|Huge-Ass Picspam (Smallville)
||[11 Jan 2007|12:39pm]
I survived hiatus!
*pets F-list and the interweb, DVDs, picpams and the awesomeness of my F-list’s amazing ability to write fanfic*
OMg! I have so missed my SHINY things, and so in celebration of tonight’s upcoming
appearance of Lex and my baby Clark Smallville I am going to spam you with pretty things.
Although I think it only fair to warn you, that these are pretty big, and there are many. If your computer explodes I think it only fair to assume the PRETTY did it and that it had nothing to do with my inability to minimise.
But first because, OH, SO PRETTY!
hottest intergalactic, motherfuckinecowarrior, alien robot, Kryptonian super brain of hotness EVER!
( AiEEEEEEEEEEE! Brainiac... )
And when it comes to pretty things, be honest. They don’t come much pretty than
Tom Welling Clark Kent. It’s a fact dude, the guy is just drop-dead gorgeous and like beautiful and stuff and he kinda makes my tummy feel funny you wanna just stare at him for HOURS, possibly longer. What? Shut up? It’s my baby Clark
( Awwwwwwwww, would you look at how pretty Clark Kent is... )
( Krypton, we owe you a debt of thanks, ‘cause guh! )

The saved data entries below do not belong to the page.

(* Let $\mathcal{A}=\{A_1,\dots,A_m\}$ be a bimodal collection of pairwise disjoint subsets of a finite abelian group $G$. Suppose that for some $i$ the set $A_i$ is a coset of its internal difference group $H_i$. Let $A_i^1,\dots,A_i^r$ be pairwise disjoint subsets whose union is $A_i$, with internal difference groups $H_i^1,\dots,H_i^r$ respectively, such that for each $j=1,\dots,r$ the set $A_i^j$ is a coset of $H_i^j$. Then the collection $\{A_1,\dots,A_{i-1},A_i^1,\dots,A_i^r,A_{i+1},\dots,A_m\}$ has the bimodal property.
   Context: $G$ is a finite abelian group written additively. The internal difference group of a subset $S\subseteq G$ is the subgroup of $G$ generated by all elements $x-y$ with $x,y\in S$. A collection $\{A_1,\dots,A_m\}$ of pairwise disjoint subsets of $G$ is bimodal (has the bimodal property) if for every $i$ and every $\delta\in G\setminus\{0\}$, the number $N_i(\delta)$ of pairs $(a,b)$ with $a\in A_i$, $b\in A_j$ for some $j\neq i$, and $a-b=\delta$, satisfies $N_i(\delta)\in\{0,|A_i|\}$. *)

theory Defs
  imports Main
begin

definition is_subgroup :: "'a::ab_group_add set \<Rightarrow> bool" where
  "is_subgroup H \<longleftrightarrow> 0 \<in> H \<and> (\<forall>x\<in>H. \<forall>y\<in>H. x + y \<in> H) \<and> (\<forall>x\<in>H. - x \<in> H)"

definition diff_group :: "'a::ab_group_add set \<Rightarrow> 'a set" where
  "diff_group S = \<Inter> {H. is_subgroup H \<and> {x - y | x y. x \<in> S \<and> y \<in> S} \<subseteq> H}"

definition is_coset_of :: "'a::ab_group_add set \<Rightarrow> 'a set \<Rightarrow> bool" where
  "is_coset_of A H \<longleftrightarrow> (\<exists>a. A = (\<lambda>h. a + h) ` H)"

definition Ncount :: "'i set \<Rightarrow> ('i \<Rightarrow> 'a::ab_group_add set) \<Rightarrow> 'i \<Rightarrow> 'a \<Rightarrow> nat" where
  "Ncount I A i \<delta> = card {(a, b). a \<in> A i \<and> (\<exists>j\<in>I. j \<noteq> i \<and> b \<in> A j) \<and> a - b = \<delta>}"

definition bimodal :: "'i set \<Rightarrow> ('i \<Rightarrow> 'a::ab_group_add set) \<Rightarrow> bool" where
  "bimodal I A \<longleftrightarrow> (\<forall>i\<in>I. \<forall>j\<in>I. i \<noteq> j \<longrightarrow> A i \<inter> A j = {}) \<and>
     (\<forall>i\<in>I. \<forall>\<delta>. \<delta> \<noteq> 0 \<longrightarrow> Ncount I A i \<delta> = 0 \<or> Ncount I A i \<delta> = card (A i))"

end

theory Submission
  imports Defs "HOL-Library.Disjoint_Sets"
begin

text \<open>
For a coset C of its own difference group H and c \<in> C, c - \<delta> \<in> C iff \<delta> \<in> H.
Let B be a piece of the refined block A i. If \<delta> lies in the difference group of A i, then
c - \<delta> stays in A i for every c \<in> B, so it lies in another block iff it leaves B; this happens
for all c \<in> B or for none, according as \<delta> is outside or inside the difference group of B.
Otherwise every such c - \<delta> leaves A i, the partners of B are those of A i restricted to B, and
bimodality of the old collection applies. The partners of the untouched blocks do not change.
\<close>

definition hit_set :: "'i set \<Rightarrow> ('i \<Rightarrow> 'a::ab_group_add set) \<Rightarrow> 'i \<Rightarrow> 'a \<Rightarrow> 'a set" where
  "hit_set I A k \<delta> = {a \<in> A k. a - \<delta> \<in> (\<Union>l\<in>I - {k}. A l)}"

lemma Ncount_eq_card_hit_set: "Ncount I A k \<delta> = card (hit_set I A k \<delta>)"
proof -
  have "{(a, b). a \<in> A k \<and> (\<exists>j\<in>I. j \<noteq> k \<and> b \<in> A j) \<and> a - b = \<delta>}
        = (\<lambda>a. (a, a - \<delta>)) ` hit_set I A k \<delta>"
    by (auto simp: hit_set_def image_iff algebra_simps)
  then show ?thesis
    unfolding Ncount_def by (simp add: card_image inj_on_def)
qed

lemma card_subset_eq_0_or_card_iff:
  assumes "finite X" and "S \<subseteq> X"
  shows "card S = 0 \<or> card S = card X \<longleftrightarrow> S = {} \<or> S = X"
proof -
  have "finite S" using assms finite_subset by blast
  then show ?thesis using assms card_subset_eq by auto
qed

lemma bimodal_iff_hit_set:
  assumes "\<forall>k\<in>I. finite (A k)"
  shows "bimodal I A \<longleftrightarrow> disjoint_family_on A I \<and>
    (\<forall>k\<in>I. \<forall>\<delta>. \<delta> \<noteq> 0 \<longrightarrow> hit_set I A k \<delta> = {} \<or> hit_set I A k \<delta> = A k)"
proof -
  have "card (hit_set I A k \<delta>) = 0 \<or> card (hit_set I A k \<delta>) = card (A k) \<longleftrightarrow>
        hit_set I A k \<delta> = {} \<or> hit_set I A k \<delta> = A k" if "k \<in> I" for k \<delta>
    using assms that by (intro card_subset_eq_0_or_card_iff) (auto simp: hit_set_def)
  then show ?thesis
    unfolding bimodal_def disjoint_family_on_def Ncount_eq_card_hit_set by (intro iffI conjI) metis+
qed

lemma is_subgroup_diff_group: "is_subgroup (diff_group S)"
  unfolding diff_group_def is_subgroup_def by auto

lemma diff_mem_diff_group: "x \<in> S \<Longrightarrow> y \<in> S \<Longrightarrow> x - y \<in> diff_group S"
  unfolding diff_group_def by blast

lemma coset_diff_group_minus_mem_iff:
  assumes "is_coset_of C (diff_group C)" and "c \<in> C"
  shows "c - \<delta> \<in> C \<longleftrightarrow> \<delta> \<in> diff_group C"
proof
  assume "c - \<delta> \<in> C"
  then show "\<delta> \<in> diff_group C"
    using diff_mem_diff_group[OF \<open>c \<in> C\<close>] by fastforce
next
  assume \<delta>: "\<delta> \<in> diff_group C"
  obtain x where C: "C = (\<lambda>h. x + h) ` diff_group C"
    using assms(1) unfolding is_coset_of_def by blast
  then obtain h where h: "h \<in> diff_group C" "c = x + h"
    using \<open>c \<in> C\<close> by blast
  have "h + - \<delta> \<in> diff_group C"
    using is_subgroup_diff_group h(1) \<delta> unfolding is_subgroup_def by blast
  moreover have "c - \<delta> = x + (h + - \<delta>)"
    using h(2) by (simp add: algebra_simps)
  ultimately show "c - \<delta> \<in> C"
    using C by blast
qed

lemma Plus_Diff_Inl: "(I <+> J) - {Inl k} = (I - {k}) <+> J"
  by auto

lemma Plus_Diff_Inr: "(I <+> J) - {Inr j} = I <+> (J - {j})"
  by auto

lemma UN_Plus_case_sum: "(\<Union>x\<in>I <+> J. case_sum A B x) = (\<Union>i\<in>I. A i) \<union> (\<Union>j\<in>J. B j)"
  by auto

lemma disjoint_family_on_case_sum:
  assumes "disjoint_family_on A I" and "disjoint_family_on B J"
    and "\<And>i j. i \<in> I \<Longrightarrow> j \<in> J \<Longrightarrow> A i \<inter> B j = {}"
  shows "disjoint_family_on (case_sum A B) (I <+> J)"
proof (unfold disjoint_family_on_def, intro ballI impI)
  fix x y assume "x \<in> I <+> J" "y \<in> I <+> J" "x \<noteq> y"
  then show "case_sum A B x \<inter> case_sum A B y = {}"
    using assms by (elim PlusE) (fastforce dest: disjoint_family_onD)+
qed

context
  fixes I :: "'i set" and A :: "'i \<Rightarrow> 'a::ab_group_add set" and i :: 'i
    and J :: "'j set" and B :: "'j \<Rightarrow> 'a set"
  assumes disjoint_A: "disjoint_family_on A I" and i: "i \<in> I"
    and disjoint_B: "disjoint_family_on B J" and cover: "(\<Union>j\<in>J. B j) = A i"
begin

lemma disjoint_family_on_refined: "disjoint_family_on (case_sum A B) ((I - {i}) <+> J)"
proof (rule disjoint_family_on_case_sum)
  show "disjoint_family_on A (I - {i})"
    using disjoint_A by (rule disjoint_family_on_mono[rotated]) blast
  show "A k \<inter> B j = {}" if "k \<in> I - {i}" "j \<in> J" for k j
    using disjoint_family_onD[OF disjoint_A i, of k] that cover by blast
qed (rule disjoint_B)

lemma hit_set_refined_Inl:
  assumes "k \<in> I - {i}"
  shows "hit_set ((I - {i}) <+> J) (case_sum A B) (Inl k) \<delta> = hit_set I A k \<delta>"
proof -
  have "(\<Union>l\<in>((I - {i}) <+> J) - {Inl k}. case_sum A B l) = (\<Union>l\<in>I - {i} - {k}. A l) \<union> A i"
    by (simp only: Plus_Diff_Inl UN_Plus_case_sum cover)
  also have "\<dots> = (\<Union>l\<in>I - {k}. A l)"
    using assms i by blast
  finally show ?thesis
    by (simp add: hit_set_def)
qed

lemma hit_set_refined_Inr:
  assumes "j \<in> J"
  shows "hit_set ((I - {i}) <+> J) (case_sum A B) (Inr j) \<delta> =
    {a \<in> B j. a - \<delta> \<in> (\<Union>l\<in>I - {i}. A l) \<union> (A i - B j)}"
proof -
  have "(\<Union>l\<in>((I - {i}) <+> J) - {Inr j}. case_sum A B l) =
      (\<Union>l\<in>I - {i}. A l) \<union> (\<Union>j'\<in>J - {j}. B j')"
    by (simp only: Plus_Diff_Inr UN_Plus_case_sum)
  also have "(\<Union>j'\<in>J - {j}. B j') = A i - B j"
    using assms disjoint_B cover unfolding disjoint_family_on_def by blast
  finally show ?thesis
    by (simp add: hit_set_def)
qed

lemma hit_set_refined_Inr_mem_diff_group:
  assumes "j \<in> J" and "is_coset_of (A i) (diff_group (A i))" and "\<delta> \<in> diff_group (A i)"
  shows "hit_set ((I - {i}) <+> J) (case_sum A B) (Inr j) \<delta> = {a \<in> B j. a - \<delta> \<notin> B j}"
proof -
  have "a - \<delta> \<in> (\<Union>l\<in>I - {i}. A l) \<union> (A i - B j) \<longleftrightarrow> a - \<delta> \<notin> B j" if "a \<in> B j" for a
  proof -
    have "a - \<delta> \<in> A i"
      using coset_diff_group_minus_mem_iff[OF assms(2)] assms(1,3) that cover by blast
    moreover have "A i \<inter> (\<Union>l\<in>I - {i}. A l) = {}"
      using disjoint_family_onD[OF disjoint_A i] by blast
    ultimately show ?thesis
      by blast
  qed
  then show ?thesis
    unfolding hit_set_refined_Inr[OF assms(1)] by auto
qed

lemma hit_set_refined_Inr_not_mem_diff_group:
  assumes "j \<in> J" and "\<delta> \<notin> diff_group (A i)"
  shows "hit_set ((I - {i}) <+> J) (case_sum A B) (Inr j) \<delta> = B j \<inter> hit_set I A i \<delta>"
proof -
  have "B j \<subseteq> A i"
    using assms(1) cover by blast
  have "a - \<delta> \<notin> A i" if "a \<in> B j" for a
    using diff_mem_diff_group[of a "A i" "a - \<delta>"] assms(2) that \<open>B j \<subseteq> A i\<close> by auto
  then show ?thesis
    unfolding hit_set_refined_Inr[OF assms(1)] using \<open>B j \<subseteq> A i\<close> by (auto simp: hit_set_def[of I A i])
qed

lemma hit_set_refined_Inr_empty_or_all:
  assumes "j \<in> J"
    and "is_coset_of (A i) (diff_group (A i))" and "is_coset_of (B j) (diff_group (B j))"
    and "hit_set I A i \<delta> = {} \<or> hit_set I A i \<delta> = A i"
  shows "hit_set ((I - {i}) <+> J) (case_sum A B) (Inr j) \<delta> = {} \<or>
    hit_set ((I - {i}) <+> J) (case_sum A B) (Inr j) \<delta> = B j"
proof (cases "\<delta> \<in> diff_group (A i)")
  case True
  then show ?thesis
    using hit_set_refined_Inr_mem_diff_group[OF assms(1,2) True]
      coset_diff_group_minus_mem_iff[OF assms(3)] by auto
next
  case False
  have "B j \<subseteq> A i"
    using assms(1) cover by blast
  then show ?thesis
    using hit_set_refined_Inr_not_mem_diff_group[OF assms(1) False] assms(4) by auto
qed

end

theorem theorem2p12:
  fixes I :: "'i set" and A :: "'i \<Rightarrow> 'g::{ab_group_add, finite} set"
    and J :: "'j set" and B :: "'j \<Rightarrow> 'g set" and i :: 'i
  assumes "finite I" and "bimodal I A" and "i \<in> I"
    and "is_coset_of (A i) (diff_group (A i))"
    and "finite J"
    and "\<forall>j\<in>J. \<forall>k\<in>J. j \<noteq> k \<longrightarrow> B j \<inter> B k = {}"
    and "(\<Union>j\<in>J. B j) = A i"
    and "\<forall>j\<in>J. is_coset_of (B j) (diff_group (B j))"
  shows "bimodal ((I - {i}) <+> J) (case_sum A B)"
proof -
  have finite_blocks: "\<forall>k\<in>K. finite (C k)" for K and C :: "'x \<Rightarrow> 'g set"
    by simp
  have disjoint_A: "disjoint_family_on A I"
    and bimodal_A: "\<And>k \<delta>. k \<in> I \<Longrightarrow> \<delta> \<noteq> 0 \<Longrightarrow> hit_set I A k \<delta> = {} \<or> hit_set I A k \<delta> = A k"
    using assms(2) unfolding bimodal_iff_hit_set[OF finite_blocks] by blast+
  have disjoint_B: "disjoint_family_on B J"
    using assms(6) unfolding disjoint_family_on_def by blast
  note refined = disjoint_A assms(3) disjoint_B assms(7)
  have "hit_set ((I - {i}) <+> J) (case_sum A B) x \<delta> = {} \<or>
      hit_set ((I - {i}) <+> J) (case_sum A B) x \<delta> = case_sum A B x"
    if "x \<in> (I - {i}) <+> J" and "\<delta> \<noteq> 0" for x \<delta>
    using that(1)
  proof (elim PlusE)
    fix k assume "k \<in> I - {i}" and "x = Inl k"
    then show ?thesis
      using bimodal_A[OF _ that(2), of k] hit_set_refined_Inl[OF refined, of k \<delta>] by simp
  next
    fix j assume "j \<in> J" and "x = Inr j"
    then show ?thesis
      using hit_set_refined_Inr_empty_or_all[OF refined \<open>j \<in> J\<close> assms(4)] assms(8)
        bimodal_A[OF assms(3) that(2)] by simp
  qed
  then show ?thesis
    unfolding bimodal_iff_hit_set[OF finite_blocks] using disjoint_family_on_refined[OF refined] by blast
qed

end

But you know what, there’s pretty, and there’s cute and *flails* but there’s NO disputing the handsome because OMg!
But when it comes right down to it, they don’t come much hotter than
Rosenbaum Lex Luthor. No, Srly! I mean, dude, he's a dork, he wears cheesy T-shirts, and listens to even cheesier music. And he comes out with some of the most ridiculous shit you will ever hear. And it’s just OMg! Rosendork because he’s just dorkalicious. But he’s also funny, and cute, and bouncy and he couldn’t give a shit because it’s fun and dorky and bouncy. And OMg! He can ACT!
And he’s pretty with the added factor of HOTNESS!